I will need to do a little digging to gain the clarity of the family connection, but you clearly know the relationships make sense, and so this is just what I was looking for, a black sheep ancestor to "make up for." Thank you!
 
It’s probably also important to note that Churchill exhibited all the symptoms of some form of bipolar disorder and personally believed himself capable of terrible things as well. His insistence on an aristocratic lifestyle left him writing for his supper most of the time the British taxpayers weren’t paying for it.

He also wrote an extraordinary story about the father who didn’t think much of him. “The Dream”: A Fictional Encounter by Winston S. Churchill
 
It’s probably also important to note that Churchill exhibited all the symptoms of some form of bipolar disorder and personally believed himself capable of terrible things as well. His insistence on an aristocratic lifestyle left him writing for his supper most of the time the British taxpayers weren’t paying for it.

He also wrote an extraordinary story about the father who didn’t think much of him. “The Dream”: A Fictional Encounter by Winston S. Churchill
Thank you for the input. I will read this article ASAP.

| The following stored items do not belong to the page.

lemma finite_vanishing_beyond: "finite {c :: nat \<Rightarrow> 'a::{finite,zero}. \<forall>i\<ge>m. c i = 0}"
proof -
  have "0 < card (UNIV :: 'a set)"
    by (simp add: finite_UNIV_card_ge_0)
  then show ?thesis
    using card_vanishing_beyond[where 'a = 'a, of m] by (intro card_ge_0_finite) simp
qed

lemma card_gen_code:
  fixes G :: "nat \<Rightarrow> nat \<Rightarrow> 'a::{finite,field}"
  assumes indep: "\<And>c. code_word k n G c = (\<lambda>_. 0) \<Longrightarrow> \<forall>i<k. c i = 0"
  shows "card (gen_code k n G) = card (UNIV :: 'a set) ^ k"
proof -
  let ?V = "{c :: nat \<Rightarrow> 'a. \<forall>i\<ge>k. c i = 0}"
  have restrict: "code_word k n G c = code_word k n G (\<lambda>i. if i < k then c i else 0)" for c
    by (auto simp: code_word_def intro!: sum.cong)
  have "code_word k n G c \<in> code_word k n G ` ?V" for c
    by (rule image_eqI[where f = "code_word k n G", OF restrict[of c]]) auto
  then have "gen_code k n G = code_word k n G ` ?V"
    unfolding gen_code_eq_range by auto
  moreover have "inj_on (code_word k n G) ?V"
  proof (rule inj_onI)
    fix c c' assume V: "c \<in> ?V" "c' \<in> ?V" and eq: "code_word k n G c = code_word k n G c'"
    have "code_word k n G (\<lambda>i. c i - c' i) = (\<lambda>_. 0)"
      using eq by (simp add: code_word_diff)
    then have low: "c i = c' i" if "i < k" for i
      using indep[of "\<lambda>i. c i - c' i"] that by simp
    show "c = c'"
    proof
      fix i
      show "c i = c' i"
        using V low by (cases "i < k") auto
    qed
  qed
  ultimately show ?thesis
    by (simp add: card_image card_vanishing_beyond)
qed

lemma card_UNIV_field_ge_2: "2 \<le> card (UNIV :: 'a::{finite,field} set)"
  using card_mono[of UNIV "{0 :: 'a, 1}"] by simp

lemma hweight_le: "hweight n v \<le> n"
  unfolding hweight_def by (rule card_mono[of "{..<n}", simplified]) auto

lemma hweight_add_card_zeros: "hweight n v + card {j. j < n \<and> v j = 0} = n"
proof -
  have "card {..<n} = card ({j. j < n \<and> v j \<noteq> 0} \<union> {j. j < n \<and> v j = 0})"
    by (rule arg_cong[where f = card]) auto
  then show ?thesis
    unfolding hweight_def by (subst (asm) card_Un_disjoint) auto
qed

lemma gen_code_singleton_bound:
  fixes G :: "nat \<Rightarrow> nat \<Rightarrow> 'a::{finite,field}"
  assumes card: "card (gen_code k n G) = card (UNIV :: 'a set) ^ k" and "1 \<le> k"
  shows "\<exists>w\<in>gen_code k n G. w \<noteq> (\<lambda>_. 0) \<and> hweight n w \<le> n + 1 - k"
proof -
  let ?C = "gen_code k n G"
  define proj where "proj v = (\<lambda>j. if j < k - 1 then v j else 0)" for v :: "nat \<Rightarrow> 'a"
  have "proj ` ?C \<subseteq> {c. \<forall>i\<ge>k - 1. c i = 0}"
    by (auto simp: proj_def)
  then have "card (proj ` ?C) \<le> card {c :: nat \<Rightarrow> 'a. \<forall>i\<ge>k - 1. c i = 0}"
    by (rule card_mono[OF finite_vanishing_beyond])
  also have "\<dots> = card (UNIV :: 'a set) ^ (k - 1)"
    by (rule card_vanishing_beyond)
  also have "\<dots> < card ?C"
    using card \<open>1 \<le> k\<close> card_UNIV_field_ge_2[where 'a = 'a] by (simp add: power_strict_increasing)
  finally have "\<not> inj_on proj ?C"
    using card_image by fastforce
  then obtain v v' where v: "v \<in> ?C" "v' \<in> ?C" "v \<noteq> v'" "proj v = proj v'"
    unfolding inj_on_def by blast
  let ?w = "\<lambda>j. v j - v' j"
  have "{j. j < n \<and> ?w j \<noteq> 0} \<subseteq> {k - 1..<n}"
  proof
    fix j assume "j \<in> {j. j < n \<and> ?w j \<noteq> 0}"
    then show "j \<in> {k - 1..<n}"
      using fun_cong[OF v(4), of j] by (cases "j < k - 1") (auto simp: proj_def)
  qed
  then have "card {j. j < n \<and> ?w j \<noteq> 0} \<le> card {k - 1..<n}"
    by (rule card_mono[rotated]) simp
  then have "hweight n ?w \<le> n + 1 - k"
    using \<open>1 \<le> k\<close> by (simp add: hweight_def)
  moreover have "?w \<noteq> (\<lambda>_. 0)"
    using v(3) by (auto simp: fun_eq_iff)
  ultimately show ?thesis
    using gen_code_diff[OF v(1,2)] by blast
qed

lemma is_MDS_iff_min_dist:
  fixes C :: "(nat \<Rightarrow> 'a::{finite,field}) set"
  assumes "card C = card (UNIV :: 'a set) ^ k" and "\<exists>v\<in>C. v \<noteq> (\<lambda>_. 0)"
  shows "is_MDS n C \<longleftrightarrow> min_dist n C + k = n + 1"
proof -
  have "card (UNIV :: 'a set) ^ k = card (UNIV :: 'a set) ^ k' \<longleftrightarrow> k' = k" for k'
    using card_UNIV_field_ge_2[where 'a = 'a] by (auto simp: power_inject_exp)
  then show ?thesis
    using assms unfolding is_MDS_def by auto
qed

I know he was a generally poor student as a youngster, and so forced into the military by his father, an accomplished politician himself. What I am surprised I was unaware of prior to starting my research for this project was that his mother was American and he won a Nobel Prize for his writing. I don't know how I could have forgotten those facts, as surely I read it at one point or another, but his role in the Second World War obviously overshadows all else. I understand he drank morning, noon and night, but tended to water down his drinks, and that he was a frequent nap-taker.
 
Part of WSC also thought he might be in for an early death since Lord Randolph died under mysterious (and since it was assumed syphilis at the time, shameful) circumstances at the age of 45. He felt both he might have a limited time to accomplish anything and a desire to redeem the family name due to his father’s failed promising political career. As it turned out, he lived twice as long, but was perfectly certain he’d die on the anniversary of his father’s death — and he did.